File06・カラクリ
山本鹿人は合宿所にしているマンションの最上階、その角部屋に寝泊りしている。
インターホンを鳴らすと「はい」と生気のない声で返事があって、ガチャリとドアノブが回された。しかしドアチェーンが掛かったままで、ドアは鈍い音と共に引き留められた。
「……ああ、失礼」
山本は不器用そうにチェーンを外し、ドアを開くとペコリと会釈をした。
俺は会釈を返しつつ、努めて柔和に口を開く。
「ここの生活には慣れましたか? 不便なことがあれば言ってください」
山本は無言のまま、伏し目がちに頷いた。何とも不愛想な男だな、と思う。第一印象から朴訥なイメージではあったが。
室内に入ろうとすると優吏が廊下を駆けてきた。
「ごめん、遅れた。変な問い合わせがあって」
依頼主への報告や対話には心理カウンセラーの優吏が同席することになっている。
優吏は正式な資格を持つカウンセリングの専門家で、保持する資格には年齢制限や専門の課程を終える必要のあるものまで含まれる。いわば飛び級のようなもので、優吏の親父――精神科医の名医として有名な人――のおかげによる特例らしい。

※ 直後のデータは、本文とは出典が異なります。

(* Cover E by a relatively open F and F by its Calderon-Zygmund cells: their union has at least
   twice the N-mass of E and at most 1 / theta times the length of F. *)
lemma halving_step:
  assumes "a < b" "E \<in> sets lebesgue" "E \<subseteq> {a..b}" "emeasure lebesgue E < ennreal (\<theta> ^ Suc k * (b - a))"
  obtains \<Omega> where "\<Omega> \<in> sets lebesgue" "\<Omega> \<subseteq> {a..b}" "emeasure lebesgue \<Omega> < ennreal (\<theta> ^ k * (b - a))"
    "2 * emeasure N E \<le> emeasure N \<Omega>"
proof -
  obtain F where F: "openin (top_of_set {a..<b}) F" "E \<subseteq> F \<union> {b}"
    and "measure lebesgue F < \<theta> * (\<theta> ^ k * (b - a))"
    using relatively_open_superset[OF assms(2,3,4)] by (auto simp: mult.assoc)
  moreover have "\<theta> ^ k \<le> 1"
    using \<theta> by (simp add: power_le_one)
  then have "\<theta> * (\<theta> ^ k * (b - a)) \<le> \<theta> * (b - a)"
    using \<theta>(1) assms(1) by (intro mult_left_mono mult_left_le_one_le) auto
  ultimately have "measure lebesgue F \<le> \<theta> * (b - a)"
    by linarith
  then obtain \<Omega> where \<Omega>: "\<Omega> \<in> sets lebesgue" "\<Omega> \<subseteq> {a..<b}"
      "2 * emeasure N F \<le> emeasure N \<Omega>" "ennreal \<theta> * emeasure lebesgue \<Omega> \<le> emeasure lebesgue F"
    using halving_on_cz_cover[OF assms(1) F(1)] by blast
  have "F \<in> sets lebesgue"
    using F(1) by (auto simp: openin_open borel_open)
  have "\<Omega> \<in> lmeasurable" "F \<in> lmeasurable"
    using \<Omega>(1,2) \<open>F \<in> sets lebesgue\<close> F(1)
    by (auto intro!: lmeasurable_subset_interval[of _ a b] simp: openin_open)
  then have "\<theta> * measure lebesgue \<Omega> \<le> measure lebesgue F"
    using \<Omega>(4) \<theta>(1) by (simp add: emeasure_eq_measure2 ennreal_mult[symmetric])
  then have "\<theta> * measure lebesgue \<Omega> < \<theta> * (\<theta> ^ k * (b - a))"
    using \<open>measure lebesgue F < \<theta> * (\<theta> ^ k * (b - a))\<close> by linarith
  then have "measure lebesgue \<Omega> < \<theta> ^ k * (b - a)"
    using \<theta>(1) by simp
  then have "emeasure lebesgue \<Omega> < ennreal (\<theta> ^ k * (b - a))"
    using \<open>\<Omega> \<in> lmeasurable\<close> \<theta>(1) assms(1) by (simp add: emeasure_eq_measure2 ennreal_lessI)
  moreover have "emeasure N E \<le> emeasure N F"
    using F(2) \<open>F \<in> sets lebesgue\<close> by (rule emeasure_mono_up_to_point)
  then have "2 * emeasure N E \<le> 2 * emeasure N F"
    by (intro mult_left_mono) auto
  then have "2 * emeasure N E \<le> emeasure N \<Omega>"
    using \<Omega>(3) by (rule order_trans)
  moreover have "\<Omega> \<subseteq> {a..b}"
    using \<Omega>(2) by auto
  ultimately show ?thesis
    using that \<Omega>(1) by blast
qed

lemma geometric_decay:
  "a < b \<Longrightarrow> E \<in> sets lebesgue \<Longrightarrow> E \<subseteq> {a..b} \<Longrightarrow>
    emeasure lebesgue E < ennreal (\<theta> ^ k * (b - a)) \<Longrightarrow> 2 ^ k * emeasure N E \<le> emeasure N {a..b}"
proof (induction k arbitrary: E)
  case 0
  then show ?case
    using sets_N by (simp add: emeasure_mono)
next
  case (Suc k)
  obtain \<Omega> where \<Omega>: "\<Omega> \<in> sets lebesgue" "\<Omega> \<subseteq> {a..b}" "emeasure lebesgue \<Omega> < ennreal (\<theta> ^ k * (b - a))"
    and "2 * emeasure N E \<le> emeasure N \<Omega>"
    using halving_step[OF Suc.prems] by blast
  then have "2 ^ k * (2 * emeasure N E) \<le> 2 ^ k * emeasure N \<Omega>"
    by (intro mult_left_mono) auto
  also have "\<dots> \<le> emeasure N {a..b}"
    using Suc.IH[OF Suc.prems(1) \<Omega>] .
  finally show ?case
    by (simp add: mult_ac)
qed

end

lemma le_powr_if_geometric_decay:
  fixes r x \<theta> :: real
  assumes "0 < \<theta>" "\<theta> < 1" "r \<le> 1" "0 \<le> x" and decay: "\<And>k. x < \<theta> ^ k \<Longrightarrow> 2 ^ k * r \<le> 1"
  shows "r \<le> 2 * x powr (ln 2 / ln (1 / \<theta>))"
proof -
  define \<delta> where "\<delta> = ln 2 / ln (1 / \<theta>)"
  have "0 < \<delta>"
    using assms(1,2) by (simp add: \<delta>_def)
  have half: "(\<theta> ^ k) powr \<delta> = (1 / 2) ^ k" for k
    unfolding \<delta>_def using assms(1,2) by (rule powr_halving_exponent)
  consider "\<theta> \<le> x" | "x = 0" | "0 < x" "x < \<theta>"
    using assms(4) by linarith
  then show ?thesis
  proof cases
    case 1
    have "r \<le> 2 * \<theta> powr \<delta>"
      using half[of 1] assms(3) by simp
    also have "\<dots> \<le> 2 * x powr \<delta>"
      using 1 assms(1) \<open>0 < \<delta>\<close> by (simp add: powr_mono2)
    finally show ?thesis
      by (simp add: \<delta>_def)
  next
    case 2
    have "r \<le> 0"
    proof (rule ccontr)
      assume "\<not> r \<le> 0"
      then obtain k where "1 / r < 2 ^ k"
        using real_arch_pow[of 2 "1 / r"] by auto
      moreover have "2 ^ k * r \<le> 1"
        using decay 2 assms(1) by simp
      ultimately show False
        using \<open>\<not> r \<le> 0\<close> by (simp add: field_simps)
    qed
    then show ?thesis
      using 2 by simp
  next
    case 3
    then obtain k where k: "\<theta> ^ Suc k \<le> x" "x < \<theta> ^ k"
      using power_bracket[OF assms(1,2), of x] assms(2) by auto
    have "r \<le> (1 / 2) ^ k"
      using decay[OF k(2)] by (simp add: field_simps)
    also have "\<dots> = 2 * (\<theta> ^ Suc k) powr \<delta>"
      unfolding half by simp
    also have "\<dots> \<le> 2 * x powr \<delta>"
      using k(1) assms(1) \<open>0 < \<delta>\<close> by (simp add: powr_mono2)
    finally show ?thesis
      by (simp add: \<delta>_def)
  qed
qed

lemma A_infty_if_geometric_decay:
  assumes "weight_R u" "0 < \<theta>" "\<theta> < 1 / 2"
    and decay: "\<And>k a b E. a < b \<Longrightarrow> E \<in> sets lebesgue \<Longrightarrow> E \<subseteq> {a..b} \<Longrightarrow>
      measure lebesgue E < \<theta> ^ k * (b - a) \<Longrightarrow> 2 ^ k * umeas u E \<le> umeas u {a..b}"
  shows "A_infty u"
proof -
  define \<delta> where "\<delta> = ln 2 / ln (1 / \<theta>)"
  have "ln 2 < ln (1 / \<theta>)"
    using assms(2,3) by (simp add: field_simps)
  then have "0 < \<delta>" "\<delta> < 1"
    using assms(2,3) by (simp_all add: \<delta>_def)
  have "umeas u E / umeas u {a..b} \<le> 2 * (measure lebesgue E / (b - a)) powr \<delta>"
    if ab: "a < b" and E: "E \<in> sets lebesgue" "E \<subseteq> {a..b}" for a b E
    unfolding \<delta>_def
  proof (rule le_powr_if_geometric_decay)
    have "0 < umeas u {a..b}"
      using assms(1) ab by (rule umeas_interval_pos)
    then show "umeas u E / umeas u {a..b} \<le> 1"
      using umeas_mono[OF assms(1) E(1) _ E(2) order_refl] by simp
    show "0 \<le> measure lebesgue E / (b - a)"
      using ab by simp
    fix k assume "measure lebesgue E / (b - a) < \<theta> ^ k"
    then have "2 ^ k * umeas u E \<le> umeas u {a..b}"
      using decay[OF ab E] ab by (simp add: field_simps)
    then show "2 ^ k * (umeas u E / umeas u {a..b}) \<le> 1"
      using \<open>0 < umeas u {a..b}\<close> by (simp add: field_simps)
  qed (use assms(2,3) in auto)
  then show ?thesis
    unfolding A_infty_def using \<open>0 < \<delta>\<close> \<open>\<delta> < 1\<close> zero_less_numeral by blast
qed

lemma A_infty_if_small_sets_bound_half:
  assumes "weight_R u" "0 < \<eta>" "\<eta> < 1" and bound: "small_sets_bound (\<lambda>t. t) u \<eta> (1 / 2)"
  shows "A_infty u"
proof -
  define \<theta> where "\<theta> = \<eta> / 2"
  have N: "emeasure (weight_measure u) S = ennreal (umeas u S)" if "S \<in> sets lebesgue" "S \<subseteq> {a..b}" for S a b
    using emeasure_weight_measure[OF assms(1) that] .
  interpret small_sets_halving "weight_measure u" \<theta>
  proof
    show "0 < \<theta>" "\<theta> < 1"
      using assms(2,3) by (simp_all add: \<theta>_def)
    show "emeasure (weight_measure u) {x} = 0" for x
      using N[of "{x}" x x] umeas_null[OF assms(1), of "{x}"] by simp
    fix a b S assume ab: "a < b" and S: "S \<in> sets lebesgue" "S \<subseteq> {a..b}"
      and small: "emeasure lebesgue S \<le> ennreal (2 * \<theta> * (b - a))"
    have "measure lebesgue S \<le> \<eta> * (b - a)"
      using small lmeasurable_subset_interval[OF S] ab assms(2) by (simp add: emeasure_eq_measure2 \<theta>_def)
    then have "ennreal (2 * umeas u S) \<le> ennreal (umeas u {a..b})"
      using small_sets_boundD[OF bound ab S] by (intro ennreal_leI) simp
    then show "2 * emeasure (weight_measure u) S \<le> emeasure (weight_measure u) {a..b}"
      using N[OF S] N[of "{a..b}" a b] umeas_nonneg[OF assms(1)] by (simp add: ennreal_mult)
  qed simp
  show ?thesis
  proof (rule A_infty_if_geometric_decay[OF assms(1)])
    show "0 < \<theta>" "\<theta> < 1 / 2"
      using assms(2,3) by (simp_all add: \<theta>_def)
    fix k a b E assume ab: "a < b" and E: "E \<in> sets lebesgue" "E \<subseteq> {a..b}"
      and "measure lebesgue E < \<theta> ^ k * (b - a)"
    then have "emeasure lebesgue E < ennreal (\<theta> ^ k * (b - a))"
      using lmeasurable_subset_interval[OF E] \<theta>(1) by (simp add: emeasure_eq_measure2 ennreal_lessI)
    then have "ennreal (2 ^ k * umeas u E) \<le> ennreal (umeas u {a..b})"
      using geometric_decay[OF ab E] N[OF E] N[of "{a..b}" a b] umeas_nonneg[OF assms(1)]
      by (simp add: ennreal_mult ennreal_power[symmetric])
    then show "2 ^ k * umeas u E \<le> umeas u {a..b}"
      using umeas_interval_pos[OF assms(1) ab] by (simp add: ennreal_le_iff)
  qed
qed

lemma small_sets_bound_Wfun_if_A_infty_B_star_infty:
  assumes "weight_R u" "weight_pos w" "A_infty u" "B_star_infty w" "0 < \<epsilon>"
  obtains \<eta> where "0 < \<eta>" "\<eta> < 1" "small_sets_bound (Wfun w) u \<eta> \<epsilon>"
proof -
  obtain \<rho> where "0 < \<rho>" and \<rho>: "\<And>r. 0 < r \<Longrightarrow> Wfun w (\<rho> * r) \<le> \<epsilon> * Wfun w r"
    using B_star_infty_Wfun_small_fraction[OF assms(2,4,5)] by blast
  obtain \<eta> where "0 < \<eta>" "\<eta> < 1" and \<eta>: "small_sets_bound (\<lambda>t. t) u \<eta> \<rho>"
    using A_infty_imp_small_sets_bound[OF assms(1,3) \<open>0 < \<rho>\<close>] by blast
  have "small_sets_bound (Wfun w) u \<eta> \<epsilon>"
    unfolding small_sets_bound_def
  proof (intro allI impI)
    fix a b S assume ab: "a < b" and S: "S \<in> sets lebesgue" "S \<subseteq> {a..b}"
      and small: "measure lebesgue S \<le> \<eta> * (b - a)"
    have "Wfun w (umeas u S) \<le> Wfun w (\<rho> * umeas u {a..b})"
      using small_sets_boundD[OF \<eta> ab S small] by (intro Wfun_mono[OF assms(2)]) simp
    also have "\<dots> \<le> \<epsilon> * Wfun w (umeas u {a..b})"
      using \<rho> umeas_interval_pos[OF assms(1) ab] by blast
    finally show "Wfun w (umeas u S) \<le> \<epsilon> * Wfun w (umeas u {a..b})" .
  qed
  then show ?thesis
    using that \<open>0 < \<eta>\<close> \<open>\<eta> < 1\<close> by blast
qed

lemma A_infty_if_small_sets_bound_Wfun:
  assumes "weight_R u" "weight_pos w" "\<not> set_integrable lebesgue {0<..} w" "Delta2 w"
    and bound: "\<forall>\<epsilon>>0. \<exists>\<eta>. 0 < \<eta> \<and> \<eta> < 1 \<and> small_sets_bound (Wfun w) u \<eta> \<epsilon>"
  shows "A_infty u"
proof -
  obtain D where "0 < D" and doubling: "\<And>r. 0 < r \<Longrightarrow> Wfun w (2 * r) \<le> D * Wfun w r"
    using Delta2_pos_constant[OF assms(2-4)] by blast
  then obtain \<eta> where "0 < \<eta>" "\<eta> < 1" "small_sets_bound (Wfun w) u \<eta> (1 / (2 * D))"
    using bound[rule_format, of "1 / (2 * D)"] by auto
  then show ?thesis
    using small_sets_bound_half_if_doubling[OF assms(1,2) \<open>0 < D\<close> doubling Wfun_pos[OF assms(2-4)]]
      A_infty_if_small_sets_bound_half[OF assms(1)] by blast
qed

ともあれ、うちでは優吏なくして面談はなりたたないのである。
「変な問い合わせってなんだよ?」
靴を脱ぎながら尋ねると、優吏は訝しげに首を捻った。
「なんかURLが一つだけ届いてて。見れば未解決の失踪事件をまとめたブログだった。それも行方知らずになったのがぜんぶ若い女性の、薄気味悪いやつばっかり」
「ふうん。……まあいつもの悪戯だろ」
「少しは警戒しなさいよねあんぽんたん。逆恨みされることも多い仕事なんだから」
あんぽんたんは余計だと思うが、言い返すのも面倒なのでやめておく。
それより今は山本との対話だ。ダイニングルームに入り椅子に腰を下ろす。山本はキッチンでインスタントコーヒーをこしらえていた。
「客は我々ではなく山本さんなのでお構いなく。さっそく本題に入りましょう」
そう告げると山本は無言で椅子に腰かけた。
俺たちも並んで腰を下ろし、山本と向き合うかたちになった。報告書をテーブルの上に取り出し、説明を始める。

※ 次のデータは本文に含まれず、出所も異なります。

lemma dist_le_of_gprod_bd_ge:
  assumes "a \<in> gboundary bp" "b \<in> gboundary bp" "ereal L \<le> gprod_bd bp a b"
  shows "dB a b \<le> \<alpha> powr (L - B)"
proof (cases "a = b")
  case True
  then show ?thesis
    using Metric_space.zero[OF boundary_metric assms(1,1)] by simp
next
  case False
  then have "L \<le> real_of_ereal (gprod_bd bp a b)"
    using assms(3) gprod_bd_finite[OF assms(1,2) False] by (cases "gprod_bd bp a b") auto
  then have "\<alpha> powr (real_of_ereal (gprod_bd bp a b) - B) \<le> \<alpha> powr (L - B)"
    using alpha_pos alpha_less_one by (intro powr_mono') auto
  then show ?thesis
    using dist_le_powr_gprod_bd[OF assms(1,2) False] by linarith
qed

lemma compact_gprod_eventually_le:
  assumes sub: "K \<subseteq> {(a, b). a \<in> gboundary bp \<and> b \<in> gboundary bp \<and> a \<noteq> b}"
    and cpt: "compactin (prod_topology (Metric_space.mtopology (gboundary bp) dB)
                                        (Metric_space.mtopology (gboundary bp) dB)) K"
  obtains R where "0 \<le> R"
    "\<And>a b x y. (a, b) \<in> K \<Longrightarrow> x \<in> a \<Longrightarrow> y \<in> b \<Longrightarrow>
        \<forall>\<^sub>F i in sequentially. gprod bp (x i) (y i) \<le> R"
proof -
  obtain \<epsilon> where "0 < \<epsilon>" and \<epsilon>: "\<And>a b. (a, b) \<in> K \<Longrightarrow> \<epsilon> \<le> dB a b"
    using compactin_dist_bounded_below[OF boundary_metric sub cpt] by blast
  define M where "M = B + ln \<epsilon> / ln \<alpha> + 1"
  have "\<alpha> powr (M - B) < \<alpha> powr (ln \<epsilon> / ln \<alpha>)"
    unfolding M_def using alpha_pos alpha_less_one by (intro powr_less_mono') auto
  also have "\<dots> = \<epsilon>"
    using alpha_pos alpha_less_one \<open>0 < \<epsilon>\<close> by (simp add: powr_def)
  finally have small: "\<alpha> powr (M - B) < \<epsilon>" .
  have "gprod_bd bp a b < ereal M" if "(a, b) \<in> K" for a b
  proof (rule ccontr)
    assume "\<not> ?thesis"
    then have "dB a b \<le> \<alpha> powr (M - B)"
      using that sub by (intro dist_le_of_gprod_bd_ge) auto
    then show False
      using small \<epsilon>[OF that] by linarith
  qed
  then have "\<forall>\<^sub>F i in sequentially. gprod bp (x i) (y i) \<le> max (M + 2 * \<delta>) 0"
    if "(a, b) \<in> K" "x \<in> a" "y \<in> b" for a b x y
    using gprod_bd_less_eventually_le[of a b M x y] that sub
    by (force elim: eventually_mono)
  then show ?thesis
    using that[of "max (M + 2 * \<delta>) 0"] by simp
qed
(* Let $\Bbbk$ be a field of characteristic zero. For all $n\ge-1$, $$\dim\frac{\mathcal F_n\mathcal O}{[\mathcal F_n\mathcal O,\mathcal F_n\mathcal O]}=n+3,\qquad \dim\frac{\mathcal F_n\mathfrak b}{[\mathcal F_n\mathfrak b,\mathcal F_n\mathfrak b]}=2n+4.$$
   Context: The centreless BCCA $\mathfrak b=\mathcal O\ltimes\mathcal P$ has basis $\{\mathcal U_n,\mathcal V_n\mid n\ge-1\}$ ($\mathcal O=\mathrm{span}\{\mathcal U_n\}$, $\mathcal P=\mathrm{span}\{\mathcal V_n\}$) with $[\mathcal U_n,\mathcal U_m]=(n-m)(\mathcal U_{n+m+2}-4\mathcal U_{n+m})$, $[\mathcal U_n,\mathcal V_m]=(n-m+1)\mathcal V_{n+m+2}-4(n-m)\mathcal V_{n+m}$, $[\mathcal V_n,\mathcal V_m]=0$ (concretely, with $s=t+t^{-1}$, $\mathcal U_n=-s^{n+1}(t^2-1)\partial$ in the Witt algebra $\Bbbk[t,t^{-1}]\partial$ and $\mathcal V_n=-s^{n+1}t\,dt^{-1}$ in the tensor density module $t\Bbbk[t,t^{-1}]dt^{-1}$). For $n\ge-1$, $\mathcal F_n\mathcal O=\mathrm{span}\{\mathcal U_k\mid k\ge n\}$ and $\mathcal F_n\mathfrak b=\mathrm{span}\{\mathcal U_k,\mathcal V_k\mid k\ge n\}$. *)

theory Defs
  imports Complex_Main "HOL-Library.Function_Algebras" "HOL-Library.Product_Plus"
begin
locale common_atoms_stick_breaking =
  fixes M :: "'a measure" and H0 :: "'x::polish_space measure"
    and r :: nat and S :: "nat \<Rightarrow> nat \<Rightarrow> 'a \<Rightarrow> real" and phi :: "nat \<Rightarrow> 'a \<Rightarrow> 'x"
    and A :: "'x set"
  assumes M: "prob_space M"
    and r: "r \<ge> 2"
    and H0: "prob_space H0" "sets H0 = sets borel"
    and phi_indep: "prob_space.indep_vars M (\<lambda>_. borel) phi UNIV"
    and phi_law: "\<And>k. distr M borel (phi k) = H0"
    and S_range: "\<And>i k \<omega>. i \<in> {1..r} \<Longrightarrow> \<omega> \<in> space M \<Longrightarrow> S i k \<omega> \<in> {0..1}"
    and S_indep: "prob_space.indep_vars M (\<lambda>_. PiM {1..r} (\<lambda>_. borel))
                    (\<lambda>k \<omega>. restrict (\<lambda>i. S i k \<omega>) {1..r}) UNIV"
    and S_ident: "\<And>k. distr M (PiM {1..r} (\<lambda>_. borel)) (\<lambda>\<omega>. restrict (\<lambda>i. S i k \<omega>) {1..r})
                     = distr M (PiM {1..r} (\<lambda>_. borel)) (\<lambda>\<omega>. restrict (\<lambda>i. S i 0 \<omega>) {1..r})"
    and S_phi_indep: "prob_space.indep_set M
          {(\<lambda>\<omega> k. restrict (\<lambda>i. S i k \<omega>) {1..r}) -` B \<inter> space M | B.
              B \<in> sets (PiM UNIV (\<lambda>_. PiM {1..r} (\<lambda>_. borel)))}
          {(\<lambda>\<omega> k. phi k \<omega>) -` B \<inter> space M | B. B \<in> sets (PiM UNIV (\<lambda>_. borel))}"
    and W_sum: "\<And>i. i \<in> {1..r} \<Longrightarrow> AE \<omega> in M. (\<lambda>k. sb_weight S i k \<omega>) sums 1"
    and A: "A \<in> sets borel" "0 < measure H0 A" "measure H0 A < 1"

sublocale common_atoms_stick_breaking \<subseteq> prob_space M by (rule M)

context common_atoms_stick_breaking
begin

abbreviation "Stick \<equiv> PiM {1..r} (\<lambda>_. borel :: real measure)"
abbreviation "Sticks \<equiv> PiM UNIV (\<lambda>_::nat. Stick)"
abbreviation "Atoms \<equiv> PiM UNIV (\<lambda>_::nat. borel :: 'x measure)"

abbreviation "W i k \<equiv> sb_weight S i k"
abbreviation "G i \<omega> \<equiv> G_meas S phi i \<omega> A"

definition stick :: "nat \<Rightarrow> 'a \<Rightarrow> nat \<Rightarrow> real" where
  "stick k \<omega> = restrict (\<lambda>i. S i k \<omega>) {1..r}"

definition sticks :: "'a \<Rightarrow> nat \<Rightarrow> nat \<Rightarrow> real" where
  "sticks \<omega> = (\<lambda>k. stick k \<omega>)"

definition atoms :: "'a \<Rightarrow> nat \<Rightarrow> 'x" where
  "atoms \<omega> = (\<lambda>k. phi k \<omega>)"

text \<open>The weights and indicators as functions of the whole sequence of stick vectors, resp. atoms,
  so that the independence hypothesis \<open>S_phi_indep\<close> applies to them.\<close>

definition seq_weight :: "nat \<Rightarrow> nat \<Rightarrow> (nat \<Rightarrow> nat \<Rightarrow> real) \<Rightarrow> real" where
  "seq_weight i k \<sigma> = \<sigma> k i * (\<Prod>j<k. 1 - \<sigma> j i)"

definition seq_hit :: "nat \<Rightarrow> (nat \<Rightarrow> 'x) \<Rightarrow> real" where
  "seq_hit k \<psi> = indicator A (\<psi> k)"

definition hit :: "nat \<Rightarrow> 'a \<Rightarrow> real" where
  "hit k \<omega> = indicator A (phi k \<omega>)"

definition p :: real where
  "p = measure H0 A"

lemma stick_measurable[measurable]: "stick k \<in> M \<rightarrow>\<^sub>M Stick"
  using S_indep unfolding indep_vars_def2 stick_def by auto

lemma phi_measurable[measurable]: "phi k \<in> borel_measurable M"
  using phi_indep unfolding indep_vars_def2 by auto

lemma S_measurable[measurable]: "i \<in> {1..r} \<Longrightarrow> S i k \<in> borel_measurable M"
proof -
  assume i: "i \<in> {1..r}"
  have "(\<lambda>\<omega>. stick k \<omega> i) \<in> borel_measurable M"
    using i by measurable
  then show ?thesis
    using i by (simp add: stick_def)
qed

lemma sticks_measurable[measurable]: "sticks \<in> M \<rightarrow>\<^sub>M Sticks"
proof -
  have "(\<lambda>\<omega>. \<lambda>k\<in>UNIV. stick k \<omega>) \<in> M \<rightarrow>\<^sub>M Sticks"
    by measurable
  then show ?thesis
    by (simp add: sticks_def[abs_def] restrict_UNIV)
qed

「ご存知かと思いますが、仲谷椛さんは異性との接触を制限されています。私もこの目で確認しましたが、付き人らしい人間もいるようでなかなか厳重です。理由はまだ分かりませんが、本人の同意もあってのことのようです」
山本は報告書を見つめ、「はい」と声低く応じた。
「調査したところプライベートも同様です。山本さんが彼女と知り合った時のように一部公的なイベントは例外のようですが、それでもやはり一定のルールがあるのでしょう。男性との交際となると論外だと思います」
再び低い声で「はい」と返答がある。
「失礼ですが、こんな状況でも彼女のことを?」
そう訊ねると山本はゆっくり顔を上げた。
無感情な目でこちらを見据え、おもむろに口を開く。
「……あの子は、仲谷椛はカラクリなんです」
――カラクリ?
発言の意図が分からず、俺はやんわり首を傾げる。
「……彼女は、操られています」
山本は声を震わせて言った。
思わず優吏と視線を交わす。
異性との交流制限は彼女の意志ではない、と言いたいのか。または彼女が自分を好いていて、何か事情があるせいで結ばれない、と言いたいのか。
後者の場合は厄介だ。経験上ろくな展開にならない。
ここで優吏が口を挟んだ。
「もう少し詳しくお話を伺えますか。仲谷さんの状況は本人の意志に反していると、そう仰りたいのでしょうか」
「そうです」
「……例えば、仲谷椛さんが本当は山本さんと交際したいと思っている、と?」
「……」
山本は何も応えない。だがその面差しに、否定の色は浮かんでいなかった。
俺は思わず盛大なため息を吐き……そうになった途端、太ももが思い切りつねられ、そのため息は悲鳴へと変わった。
さすが優吏、反応が早い。あと握力が強い。
そんな涙目の俺をよそに、優吏が対話を続ける。
「お気持ち、分かります。もしそうなら、そんなに辛く切ないことはありませんから」
山本はひどく落ち込んだように顔を俯けた。
「妄想だと思っていますか? でも僕、知っているんです」
「……知っている、とは?」
山本は少しの間黙り込み、やがて肩を震わせ始めた。
「……異性関係だけじゃありません。彼女は人生そのものを操られている」
その声音は明らかに怒気を孕んでいた。
感情の起伏が激しい依頼人は多いが、はっきり言って気が滅入る。どうして皆、こうも恋愛感情に振り回されるのか。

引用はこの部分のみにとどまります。